C’est dans ce contexte de reconquête royale que s’impose la figure de Blanche de Castille. Fille d’Aliénor d’Angleterre, nièce de Richard Cœur de Lion, petite-fille d’Aliénor d’Aquitaine et mère du futur Saint Louis, elle fut régente du royaume pendant la minorité de son fils. Femme d’autorité et de piété, elle symbolise dans l’imaginaire méridional la rigueur capétienne et la fin des grands lignages féodaux.
La tradition orale lui prête de nombreux séjours dans les châteaux du Haut-Vidourle. C’est même à elle que certains attribuent le gentilé « Cigalois », en souvenir d’une halte qu’elle aurait faite dans la vallée. Rien n’en atteste dans les sources, mais la mémoire populaire a retenu son nom comme celui de la Reine qui « fit plier le Midi » -autrement dit, celle dont la seule évocation suffisait à marquer la victoire du roi sur les seigneurs rebelles.
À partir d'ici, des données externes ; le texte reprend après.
lemma support_min_tendsto_zero_if_score_gap_unbounded:
  fixes y x :: "real \<Rightarrow> 'a \<Rightarrow> real"
  assumes fin: "finite (A k)" and cont: "continuous_on (mixed A k) f"
    and br: "\<And>t. t \<ge> 0 \<Longrightarrow> regularized_argmax A k f (y t) (x t)"
    and p: "p \<in> mixed A k" and p': "p' \<in> mixed A k"
    and gap: "filterlim (\<lambda>t. pairing A k (y t) (\<lambda>a. p' a - p a)) at_top at_top"
  shows "((\<lambda>t. Min {x t \<alpha> | \<alpha>. \<alpha> \<in> A k \<and> p \<alpha> \<noteq> 0}) \<longlongrightarrow> 0) at_top"
proof -
  obtain C where C: "\<And>z. z \<in> mixed A k \<Longrightarrow> \<bar>f z\<bar> \<le> C"
    using compact_imp_bounded[OF compact_continuous_image[OF cont compact_mixed[of A k, OF fin]]]
    unfolding bounded_real by blast
  define S where "S = {\<alpha> \<in> A k. p \<alpha> \<noteq> 0}"
  have "sum p (A k) \<noteq> 0"
    using p by (simp add: mixed_def)
  then obtain \<alpha> where "\<alpha> \<in> A k" "p \<alpha> \<noteq> 0"
    by (meson sum.neutral)
  then have S: "finite S" "S \<noteq> {}"
    using fin by (auto simp: S_def)
  define m where "m t = Min {x t \<alpha> | \<alpha>. \<alpha> \<in> A k \<and> p \<alpha> \<noteq> 0}" for t
  have m_eq: "m t = Min ((\<lambda>\<alpha>. x t \<alpha>) ` S)" for t
    unfolding m_def S_def by (rule arg_cong[where f = Min]) auto
  have bound: "0 \<le> m t \<and> m t * pairing A k (y t) (\<lambda>a. p' a - p a) \<le> 2 * C" if t: "t \<ge> 0" for t
  proof
    have xm: "x t \<in> mixed A k" using br[OF t] by (simp add: regularized_argmax_def)
    show m_nonneg: "0 \<le> m t"
      unfolding m_eq using S mixed_nonneg[OF xm] by simp
    have "m t * p a \<le> x t a" if "a \<in> A k" for a
    proof (cases "p a = 0")
      case False
      then have "m t \<le> x t a" using S that by (auto simp: m_eq S_def)
      moreover have "m t * p a \<le> m t"
        using m_nonneg mixed_le_one[of A k, OF fin p] by (simp add: mult_left_le)
      ultimately show ?thesis by linarith
    qed (use mixed_nonneg[OF xm] in simp)
    then show "m t * pairing A k (y t) (\<lambda>a. p' a - p a) \<le> 2 * C"
      by (rule regularized_argmax_shift_bound[OF br[OF t] p p' m_nonneg _ C])
  qed
  have "\<forall>\<^sub>F t in at_top. 0 \<le> m t \<and> m t * pairing A k (y t) (\<lambda>a. p' a - p a) \<le> 2 * C"
    using eventually_ge_at_top[of 0] by eventually_elim (rule bound)
  then show ?thesis
    unfolding m_def[symmetric] by (rule tendsto_zero_if_mult_bounded[OF gap])
qed

lemma choice_dynamics_coordinate_uniformly_continuous:
  fixes y x :: "real \<Rightarrow> 'n \<Rightarrow> 'a \<Rightarrow> real"
  assumes game: "finite_game N A" and l: "l \<in> N" and pen: "penalty A l (h l)"
    and br: "\<And>t l. t \<ge> 0 \<Longrightarrow> l \<in> N \<Longrightarrow> regularized_argmax A l (h l) (y t l) (x t l)"
    and ode: "\<forall>t\<ge>0. \<forall>l\<in>N. \<forall>\<alpha>\<in>A l.
               ((\<lambda>s. y s l \<alpha>) has_real_derivative payoff_vec N A U l (x t) \<alpha>) (at t within {0..})"
  shows "uniformly_continuous_on {0..} (\<lambda>t. x t l a)"
proof -
  obtain K where K: "K > 0" "strongly_convex_mixed A l K (h l)"
    using pen unfolding penalty_def by blast
  have finA: "finite (A l)"
    using game l unfolding finite_game_def by blast
  have "\<bar>payoff_vec N A U l (x t) b\<bar> \<le> (\<Sum>\<gamma>\<in>PiE N A. \<bar>U l \<gamma>\<bar>)" if "t \<ge> 0" "b \<in> A l" for t b
    unfolding payoff_vec_def
  proof (rule exp_payoff_abs_le[OF game])
    fix j assume "j \<in> N"
    then show "((x t)(l := pure b)) j \<in> mixed A j"
      using br[OF \<open>t \<ge> 0\<close>] pure_mixed[of A l, OF finA \<open>b \<in> A l\<close>]
      by (simp add: regularized_argmax_def)
  qed
  then show ?thesis
    using br l ode
    by (intro regularized_trajectory_uniformly_continuous[OF finA K(2) K(1),
          where y = "\<lambda>t. y t l" and y' = "\<lambda>t. payoff_vec N A U l (x t)"]) auto
qed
Là où un château passait sous l’autorité capétienne, on disait qu’elle y avait séjourné : manière de donner un visage à la reconquête du Sud, plus qu’un souvenir fondé sur un fait historique.
Roquefourcade, quant à elle, ne connut sans doute pas d’épisode glorieux. Modeste fortin sans ressource propre, elle fut peu à peu abandonnée après son rattachement à la viguerie royale de Sauve. Les siècles l’ont effacée du paysage, au point que la pierre bâtie se confond aujourd’hui avec la roche.
Entre les chênes verts et les broussailles, on devine encore quelques pans de mur, une citerne enduite, des marches grossièrement taillées, la poterne à demi ensevelie. Ces pierres muettes racontent un monde d’alliances fragiles et de fidélités compromises, un âge où la force d’un seigneur se mesurait moins à ses murailles qu’à ses serments.